KEY POINTS
- Federal Government allocates N28 billion for prepaid meter rollout under new scheme.
- DisCos mandated to install meters for top-tier customers by December 2025.
- New fund aims to close Nigeria’s seven-million-meter gap and restore market confidence.
Nigeria’s Federal Government has approved the release of N28 billion for electricity distribution companies (DisCos) to procure and install prepaid meters across the country, in a renewed effort to address chronic metering gaps and billing disputes that have long plagued the power sector.
The funds, issued through the Nigerian Electricity Regulatory Commission, NERC, form part of the Meter Acquisition Fund (MAF) Tranche B scheme. According to the regulator’s latest Order No: NERC/2025/107, the scheme provides a market-driven financing structure to accelerate meter deployment for unmetered customers at no cost, while ensuring a sustainable revenue model for DisCos.
The Commission explained that the move seeks to improve Nigeria’s poor metering coverage, which has contributed to widespread energy theft, weak revenue collection, and the accumulation of debt across the electricity value chain.
Government Targets 2025 Completion for Meter Rollout
Under the new framework, the N28 billion allocation will be distributed to DisCos based on their market collection shares as of July 2025. Each company must use its share to install meters for Band A and Band B customers categories representing premium and mid-level power consumers, before the year’s end.
NERC has given DisCos 10 days from the order’s effective date of October 6, 2025, to conduct transparent procurement exercises and select Meter Asset Providers (MAPs) with verifiable stocks ready for immediate deployment.

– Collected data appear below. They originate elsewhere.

(* Let $S$ be a species tree, $(T,\sigma)$ a gene tree, and $\mu:V(T)\to V(S)\cup E(S)$ a reconciliation map without horizontal gene transfer (satisfying (R0), (R1), (R2), (R3.i), (R3.ii)) that in addition satisfies axiom (R4). Let $A\subseteq L(T)$ with $|\sigma(A)|\geq 2$. If $\operatorname{lca}_S(\sigma(A))\prec_S\mu(\operatorname{lca}_T(A))$, then $\operatorname{lca}_T(A)$ is a duplication event, i.e., $\mu(\operatorname{lca}_T(A))\in E(S)$.
   Context: A planted phylogenetic tree $T$ has a distinguished leaf $0_T$ (the planted root) whose unique neighbour $\rho_T$ is the root; every other non-leaf vertex has at least two children. $L(T)$ denotes the leaves other than $0_T$. For vertices, $a\preceq_T b$ means $b$ lies on the path from $a$ to $0_T$; $\operatorname{lca}_T(A)$ is the $\preceq_T$-minimal vertex that is $\succeq_T$ every element of $A$. A species tree $S$ is a planted phylogenetic tree with planted root $0_S$, root $\rho_S$ and leaf set $\mathscr{S}$ (the species); $V^0(S)$ denotes the inner vertices of $S$ (neither leaves nor $0_S$). The order $\preceq_S$ is extended to $V(S)\cup E(S)$ by regarding each edge $e=pq$ ($q$ a child of $p$) as lying strictly between $q$ and $p$: $q\prec_S e\prec_S p$, a vertex $w$ satisfies $w\prec_S e$ iff $w\preceq_S q$ and $e\prec_S w$ iff $p\preceq_S w$, and for edges $e=pq,e'=p'q'$, $e\prec_S e'$ iff $p\preceq_S q'$; $\operatorname{lca}_S$ of elements of $V(S)\cup E(S)$ is the $\preceq_S$-minimal vertex above all of them. A gene tree $(T,\sigma)$ is a planted phylogenetic tree with $\sigma:L(T)\to\mathscr{S}$. A reconciliation map without horizontal gene transfer is $\mu:V(T)\to V(S)\cup E(S)$ with: (R0) $\mu(v)=0_S$ iff $v=0_T$; (R1) $\mu(v)=\sigma(v)$ for $v\in L(T)$; (R2) $v\prec_T w\Rightarrow\mu(v)\preceq_S\mu(w)$; and for each $v$ with $\mu(v)\in V^0(S)$: (R3.i) $\mu(v)=\operatorname{lca}_S(\mu(v'),\mu(v''))$ for at least two distinct children $v',v''$ of $v$; (R3.ii) $\mu(v'),\mu(v'')$ are $\preceq_S$-incomparable for any two distinct children $v',v''$ of $v$. Axiom (R4): for leaves $x,y,z$ of $T$, if $\mu(\operatorname{lca}_T(x,y))=\mu(\operatorname{lca}_T(x,z))\in V^0(S)$ then $\operatorname{lca}_S(\sigma(x),\sigma(y))=\operatorname{lca}_S(\sigma(x),\sigma(z))$. A vertex $v$ of $T$ is a duplication if $\mu(v)\in E(S)$. *)

theory Defs
  imports Main
begin
(* Every $3\times3\times3$ quaternion tensor $T$ satisfies $\mathrm{rank}(T)\le6$.
   Context: $\mathbb{H}$ denotes the real quaternions. An $n_1\times n_2\times n_3$ quaternion tensor is an array $T=(T_{ijk})$ with entries in $\mathbb{H}$, $1\le i\le n_1$, $1\le j\le n_2$, $1\le k\le n_3$; it is written $T=(A_1;\dots;A_{n_2})$ where the frontal slice $A_j$ is the $n_1\times n_3$ matrix $(T_{ijk})_{i,k}$. A nonzero tensor is simple if $T_{ijk}=a_ib_jc_k$ (quaternion product in this order) for some $\vec a\in\mathbb{H}^{n_1},\vec b\in\mathbb{H}^{n_2},\vec c\in\mathbb{H}^{n_3}$. The rank of $T$ is the least number of simple tensors summing to $T$ (the zero tensor has rank $0$). *)

theory Defs
  imports Main "HOL.Real"
begin

datatype quat = Quat (Re: real) (Im1: real) (Im2: real) (Im3: real)

instantiation quat :: comm_monoid_add
begin
definition zero_quat :: quat where "zero_quat = Quat 0 0 0 0"
definition plus_quat :: "quat \<Rightarrow> quat \<Rightarrow> quat" where
  "plus_quat p q = Quat (Re p + Re q) (Im1 p + Im1 q) (Im2 p + Im2 q) (Im3 p + Im3 q)"
instance
  by standard (auto simp: zero_quat_def plus_quat_def algebra_simps)
end

instantiation quat :: times
begin
definition times_quat :: "quat \<Rightarrow> quat \<Rightarrow> quat" where
  "times_quat p q = Quat
     (Re p * Re q - Im1 p * Im1 q - Im2 p * Im2 q - Im3 p * Im3 q)
     (Re p * Im1 q + Im1 p * Re q + Im2 p * Im3 q - Im3 p * Im2 q)
     (Re p * Im2 q - Im1 p * Im3 q + Im2 p * Re q + Im3 p * Im1 q)
     (Re p * Im3 q + Im1 p * Im2 q - Im2 p * Im1 q + Im3 p * Re q)"
instance ..
end

text \<open>An n1 x n2 x n3 quaternion tensor: entries T i j k for i < n1, j < n2, k < n3
  (0-based indices; values outside this range are irrelevant).\<close>

type_synonym qtensor = "nat \<Rightarrow> nat \<Rightarrow> nat \<Rightarrow> quat"

definition simple_qtensor :: "nat \<Rightarrow> nat \<Rightarrow> nat \<Rightarrow> qtensor \<Rightarrow> bool" where
  "simple_qtensor n1 n2 n3 T \<longleftrightarrow>
     (\<exists>i<n1. \<exists>j<n2. \<exists>k<n3. T i j k \<noteq> 0) \<and>
     (\<exists>a b c :: nat \<Rightarrow> quat. \<forall>i<n1. \<forall>j<n2. \<forall>k<n3. T i j k = a i * b j * c k)"
lemma exists_inf_path_from_vertex:
  assumes "locally_finite_no_sources_sinks k G" and v: "v \<in> vertices G"
  obtains x where "x \<in> inf_paths k G" "x (\<lambda>_. 0) (\<lambda>_. 0) = v"
proof -
  obtain L where L_0: "L 0 = v" and L: "\<And>N. L N \<in> mor G \<and> deg G (L N) = diagonal k N"
    and head_Suc: "\<And>N. factor_head (L (Suc N)) (diagonal k N) = L N"
    using exists_diagonal_chain[OF assms] by blast
  have chain: "i \<le> j \<Longrightarrow> diagonal k i \<le> diagonal k j \<and> factor_head (L j) (diagonal k i) = L i"
    for i j
    using factor_head_chain_of_steps[OF L diagonal_mono head_Suc] diagonal_mono by (simp add: monoD)
  have sum_mono: "n \<le> n' \<Longrightarrow> (\<Sum>i<k. n i) \<le> (\<Sum>i<k. n' i)" for n n' :: "nat \<Rightarrow> nat"
    by (simp add: le_fun_def sum_mono)
  obtain x where "x \<in> inf_paths k G"
    "\<And>n. n \<in> NV k \<Longrightarrow> x (\<lambda>_. 0) n = factor_head (L (\<Sum>i<k. n i)) n"
  proof (rule inf_path_of_chain[of UNIV L "diagonal k" "\<lambda>n. \<Sum>i<k. n i"])
  qed (use L chain le_diagonal_sum sum_mono in auto)
  moreover have "factor_head (L 0) (\<lambda>_. 0) = v"
    using factor_head_deg[of v] v by (simp add: L_0 vertices_def)
  ultimately show ?thesis using that by (simp add: NV_def)
qed

lemma exists_inf_path_through_prepended:
  assumes f: "f \<in> mor G" and y: "y \<in> inf_paths k G" and y0: "y (\<lambda>_. 0) (\<lambda>_. 0) = src G f"
  obtains z where "z \<in> inf_paths k G"
    "\<And>r. r \<in> NV k \<Longrightarrow> z (\<lambda>_. 0) (\<lambda>i. r i + deg G f i) = cmp G f (y (\<lambda>_. 0) r)"
proof -
  define n where "n = deg G f"
  have n: "n \<in> NV k" using deg_in_NV[OF f] by (simp add: n_def)
  define F where "F r = cmp G f (y (\<lambda>_. 0) r)" for r
  have y_r: "y (\<lambda>_. 0) r \<in> mor G" "deg G (y (\<lambda>_. 0) r) = r" "src G f = rng G (y (\<lambda>_. 0) r)"
    if "r \<in> NV k" for r
    using inf_pathD[OF y in_Omega_zero[OF that]] inf_pathD(4)[OF y in_Omega_zero[of "\<lambda>_. 0"]] y0
    by (simp_all add: NV_def)
  have F: "F r \<in> mor G \<and> deg G (F r) = (\<lambda>i. n i + r i)" if "r \<in> NV k" for r
    using cmp_in_mor[OF f y_r(1,3)[OF that]] deg_cmp[OF f y_r(1,3)[OF that]] y_r(2)[OF that]
    by (simp add: F_def n_def)
  have chain: "factor_head (F r') (\<lambda>i. n i + r i) = F r"
    if r: "r \<in> NV k" and "r' \<in> NV k" "r \<le> r'" for r r'
  proof -
    have rr': "in_Omega k r r'" using that by (simp add: in_Omega_def)
    have s: "src G (y (\<lambda>_. 0) r) = rng G (y r r')"
      using inf_pathD[OF y in_Omega_zero[OF r]] inf_pathD[OF y rr'] by simp
    have "F r' = cmp G (F r) (y r r')"
      using inf_path_cmp[OF y in_Omega_zero[OF r] rr']
        cmp_assoc[OF f y_r(1)[OF r] inf_pathD(1)[OF y rr'] y_r(3)[OF r] s]
      by (simp add: F_def)
    moreover have "src G (F r) = rng G (y r r')"
      using src_cmp[OF f y_r(1,3)[OF r]] s by (simp add: F_def)
    ultimately show ?thesis
      using factor_head_cmp[of "F r" "y r r'"] F[OF r] inf_pathD(1)[OF y rr'] by simp
  qed
  text \<open>c m is the least r with m \<le> d(F r).\<close>
  define c where "c m = (\<lambda>i. max (m i) (n i) - n i)" for m :: "nat \<Rightarrow> nat"
  have cofinal: "c m \<in> NV k \<and> m \<le> (\<lambda>i. n i + c m i)" if "m \<in> NV k" for m
    using that n by (simp add: c_def NV_def le_fun_def)
  have c_mono: "c m \<le> c m'" if "m \<le> m'" for m m'
    using that by (auto simp: c_def le_fun_def intro!: diff_le_mono max.mono)
  obtain z where z: "z \<in> inf_paths k G"
    and z0: "\<And>m. m \<in> NV k \<Longrightarrow> z (\<lambda>_. 0) m = factor_head (F (c m)) m"
  proof (rule inf_path_of_chain[of "NV k" F "\<lambda>r i. n i + r i" c])
  qed (use F chain cofinal c_mono in \<open>auto simp: le_fun_def\<close>)
  have "z (\<lambda>_. 0) (\<lambda>i. r i + n i) = F r" if r: "r \<in> NV k" for r
  proof -
    have "(\<lambda>i. r i + n i) \<in> NV k" using r n by (simp add: NV_def)
    then have "z (\<lambda>_. 0) (\<lambda>i. r i + n i) = factor_head (F r) (\<lambda>i. r i + n i)"
      using z0 by (simp add: c_def)
    moreover have "deg G (F r) = (\<lambda>i. r i + n i)" using F[OF r] by (simp add: add.commute)
    ultimately show ?thesis using factor_head_deg conjunct1[OF F[OF r]] by metis
  qed
  then show ?thesis using that z by (simp add: F_def n_def)
qed
lemma Legendre_cong:
  assumes "[a = b] (mod m)"
  shows "Legendre a m = Legendre b m"
proof -
  have "[a = 0] (mod m) \<longleftrightarrow> [b = 0] (mod m)" "QuadRes m a \<longleftrightarrow> QuadRes m b"
    unfolding QuadRes_def using assms cong_sym cong_trans by blast+
  thus ?thesis by (simp add: Legendre_def)
qed

lemma Legendre_mod: "Legendre (a mod m) m = Legendre a m"
  by (rule Legendre_cong) (simp add: cong_def)

lemma Legendre_nat_cong: "[a = b] (mod p) \<Longrightarrow> Legendre (int a) (int p) = Legendre (int b) (int p)"
  by (rule Legendre_cong) (simp add: cong_int_iff)

lemma Legendre_eq_0_iff: "Legendre a m = 0 \<longleftrightarrow> m dvd a"
  by (simp add: Legendre_def cong_0_iff)

lemma Legendre_square: "\<not> m dvd a \<Longrightarrow> Legendre a m * Legendre a m = 1"
  by (simp add: Legendre_def cong_0_iff)

lemma Legendre_prime_square:
  assumes "prime p" "prime q" "p \<noteq> q"
  shows "Legendre (int q) (int p) * Legendre (int q) (int p) = 1"
proof -
  have "\<not> p dvd q" using assms primes_dvd_imp_eq by blast
  thus ?thesis by (intro Legendre_square) simp
qed

lemma Legendre_one: "1 < m \<Longrightarrow> Legendre 1 m = 1"
  unfolding Legendre_def QuadRes_def
  by (auto simp: cong_0_iff intro: exI[of _ 1] zdvd_not_zless)

lemma Legendre_eq_if_cong:
  assumes "prime p" "2 < p" "[Legendre a p = c] (mod int p)" "\<bar>c\<bar> \<le> 1"
  shows "Legendre a p = c"
  using cong_small_int_imp_eq[OF abs_Legendre_le_1 assms(4) _ assms(3)] assms(2) by simp

lemma Legendre_mult:
  assumes "prime p" "2 < p"
  shows "Legendre (a * b) (int p) = Legendre a (int p) * Legendre b (int p)"
proof (rule Legendre_eq_if_cong[OF assms])
  have "[Legendre (a * b) p = a ^ ((p - 1) div 2) * b ^ ((p - 1) div 2)] (mod p)"
    using euler_criterion[OF assms, of "a * b"] by (simp add: power_mult_distrib)
  also have "[a ^ ((p - 1) div 2) * b ^ ((p - 1) div 2) = Legendre a p * Legendre b p] (mod p)"
    using euler_criterion[OF assms, of a] euler_criterion[OF assms, of b]
    by (intro cong_mult) (simp_all add: cong_sym)
  finally show "[Legendre (a * b) p = Legendre a p * Legendre b p] (mod int p)" .
  show "\<bar>Legendre a p * Legendre b p\<bar> \<le> 1"
    using abs_Legendre_le_1[of a p] abs_Legendre_le_1[of b p] by (simp add: abs_mult mult_le_one)
qed

lemma Legendre_power:
  assumes "prime p" "2 < p"
  shows "Legendre (a ^ k) (int p) = Legendre a (int p) ^ k"
  by (induction k) (use assms Legendre_one[of "int p"] Legendre_mult[OF assms] in auto)
lemma ham_solution_ex1:
  "\<exists>!z. z 0 = p \<and> (\<forall>t. (z has_vector_derivative (snd (z t), - grad (fst (z t)))) (at t))"
proof -
  have "0 < 1 + L" using L_pos by simp
  then obtain y where y0: "y 0 = p" and y: "\<And>t. (y has_vector_derivative ham_field (y t)) (at t)"
    using ode_solution_exists[OF lipschitz_on_ham_field] by blast
  show ?thesis
  proof (rule ex1I[of _ y])
    fix z
    assume "z 0 = p \<and> (\<forall>t. (z has_vector_derivative (snd (z t), - grad (fst (z t)))) (at t))"
    then have "z 0 = y 0" "\<And>t. (z has_vector_derivative ham_field (z t)) (at t)"
      using y0 by (simp_all add: ham_field_def)
    from ode_solution_unique[OF this(2) y lipschitz_on_ham_field this(1)] show "z = y" .
  qed (use y0 y in \<open>simp add: ham_field_def\<close>)
qed

lemma ham_solution: "ham_solution p 0 = p"
  "(ham_solution p has_vector_derivative ham_field (ham_solution p t)) (at t)"
  using theI'[OF ham_solution_ex1[of p]] unfolding ham_solution_def[symmetric]
  by (auto simp: ham_field_def)

lemma ham_flow_eq: "ham_flow grad T x v = fst (ham_solution (x, v) T)"
  by (simp add: ham_flow_def ham_solution_def)

lemma continuous_on_ham_flow:
  assumes "0 \<le> T"
  shows "continuous_on UNIV (\<lambda>p. ham_flow grad T (fst p) (snd p))"
proof (rule lipschitz_on_continuous_on[of "exp ((1 + L) * T)"], rule lipschitz_onI)
  fix p q :: "'a \<times> 'a"
  have "(norm (ham_solution p T - ham_solution q T))^2
      \<le> exp (2 * (1 + L) * T) * (norm (ham_solution p 0 - ham_solution q 0))^2"
    by (rule ode_solutions_dist_sq_le[OF ham_solution(2) ham_solution(2) lipschitz_on_ham_field assms])
  also have "\<dots> = (exp ((1 + L) * T) * dist p q)^2"
    by (simp add: ham_solution dist_norm power_mult_distrib exp_double[symmetric] mult.assoc)
  finally have "dist (ham_solution p T) (ham_solution q T) \<le> exp ((1 + L) * T) * dist p q"
    unfolding dist_norm by (rule power2_le_imp_le) simp
  then show "dist (ham_flow grad T (fst p) (snd p)) (ham_flow grad T (fst q) (snd q))
      \<le> exp ((1 + L) * T) * dist p q"
    using dist_fst_le[of "ham_solution p T" "ham_solution q T"] by (simp add: ham_flow_eq)
qed simp

lemma ham_flow_contraction:
  assumes T: "0 < T" and LT: "L * T^2 \<le> 1/20"
  shows "norm (ham_flow grad T x v - ham_flow grad T y v) \<le> (1 - \<alpha> * T^2 / 10) * norm (x - y)"
proof -
  define X where "X = ham_solution (x, v)"
  define Y where "Y = ham_solution (y, v)"
  define z where "z t = fst (X t) - fst (Y t)" for t
  define w where "w t = snd (X t) - snd (Y t)" for t
  define g where "g t = grad (fst (X t)) - grad (fst (Y t))" for t
  have dX: "(X has_vector_derivative ham_field (X t)) (at t)"
    and dY: "(Y has_vector_derivative ham_field (Y t)) (at t)" for t
    unfolding X_def Y_def by (rule ham_solution)+
  have dz: "(z has_vector_derivative w t) (at t)" for t
    unfolding z_def[abs_def] w_def
    using has_vector_derivative_fst[OF dX[of t]] has_vector_derivative_fst[OF dY[of t]]
    by (auto intro!: derivative_eq_intros simp: ham_field_def)
  have dw: "(w has_vector_derivative - g t) (at t)" for t
    unfolding w_def[abs_def] g_def
    using has_vector_derivative_snd[OF dX[of t]] has_vector_derivative_snd[OF dY[of t]]
    by (auto intro!: derivative_eq_intros simp: ham_field_def)
  have w0: "w 0 = 0" by (simp add: w_def X_def Y_def ham_solution)
  have "(norm (g t))^2 \<le> L * (g t \<bullet> z t)" "norm (g t) \<le> L * norm (z t)"
    "\<alpha> * (norm (z t))^2 \<le> g t \<bullet> z t" for t
    unfolding g_def z_def by (rule grad_cocoercive grad_lipschitz grad_strongly_monotone)+
  from flow_contraction_sq[OF dz dw w0 this T LT alpha_pos L_pos]
  have "norm (z T) \<le> (1 - \<alpha> * T^2 / 10) * norm (z 0)"
    by (rule contraction_of_sq_contraction) (use contraction_factor_bounds[OF LT] in auto)
  then show ?thesis
    by (simp add: z_def X_def Y_def ham_flow_eq ham_solution)
qed

lemma q_th_contraction:
  assumes T: "0 < T" and LT: "L * T^2 \<le> 1/20"
    and h: "0 \<le> h" "0 < h \<Longrightarrow> (\<exists>N::nat. T = real N * h)"
  shows "norm (q_th grad T h x v - q_th grad T h y v) \<le> (1 - \<alpha> * T^2 / 10) * norm (x - y)"
proof (cases "h = 0")
  case True
  then show ?thesis
    using ham_flow_contraction[OF T LT] by (simp add: q_th_def)
next
  case False
  with h obtain N :: nat where "T = real N * h" "0 < h" by force
  moreover from this have "nat \<lfloor>T / h\<rfloor> = N" by simp
  ultimately show ?thesis
    using leapfrog_contraction[of h N T x v y] LT False by (simp add: q_th_def)
qed

lemma isCont_leap_step_iterate: "isCont (leap_step grad h ^^ n) z"
proof (induction n arbitrary: z)
  case 0
  then show ?case by simp
next
  case (Suc n)
  have "isCont (leap_step grad h) z" for z
    unfolding leap_step_def Let_def by (auto intro!: continuous_intros isCont_o2[OF _ isCont_grad])
  then show ?case
    unfolding funpow.simps(2) by (rule continuous_at_compose[OF Suc.IH])
qed

lemma continuous_on_q_th:
  assumes "0 < T"
  shows "continuous_on UNIV (\<lambda>p. q_th grad T h (fst p) (snd p))"
proof (cases "h = 0")
  case True
  then show ?thesis
    using continuous_on_ham_flow[of T] assms by (simp add: q_th_def)
next
  case False
  then have "(\<lambda>p. q_th grad T h (fst p) (snd p)) = (\<lambda>p. fst ((leap_step grad h ^^ nat \<lfloor>T / h\<rfloor>) p))"
    by (simp add: q_th_def fun_eq_iff)
  then show ?thesis
    by (auto intro!: continuous_at_imp_continuous_on continuous_intros isCont_leap_step_iterate
        isCont_o2[OF isCont_leap_step_iterate])
qed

These selections must then be submitted within 15 days for the regulator’s “No-Objection” clearance.
To support Nigeria’s manufacturing sector, NERC also introduced a mandatory 30% local content requirement for all participating MAPs, insisting that partnerships be established with domestic meter assemblers or producers.
DisCos will receive 60% of contract payments after verified delivery of meters, while the remaining 40% will be released only upon successful installation. Any DisCo found to have caused delays due to poor network readiness or inaccurate customer data will face penalties equivalent to the cost of the uninstalled meters. All installations under this funding phase must be completed by December 31, 2025.
Nigeria’s metering gap, estimated at over seven million customers, remains one of the largest in Africa. The shortfall has deepened the sector’s liquidity problems, widened billing controversies, and eroded consumer trust in the electricity system.
Previous efforts to fix the issue, including the Meter Asset Provider (MAP) programme introduced in 2018 and the Central Bank-backed National Mass Metering Programme (NMMP), achieved only limited results due to poor implementation and weak financing models.
Unlike earlier interventions, the Meter Acquisition Fund relies on DisCos’ revenue-backed contributions rather than government or CBN grants. NERC hopes the structure will create a self-sustaining financing mechanism that can gradually close the metering deficit while boosting investor confidence in the power market.
According to the Commission’s second-quarter report for 2025, DisCos installed a total of 225,631 meters—an increase of 20.5% from the first quarter. Of these, 147,823 were deployed through the MAP framework, 65,315 under the MAF scheme, and the remainder through vendor-financed and DisCo-funded arrangements.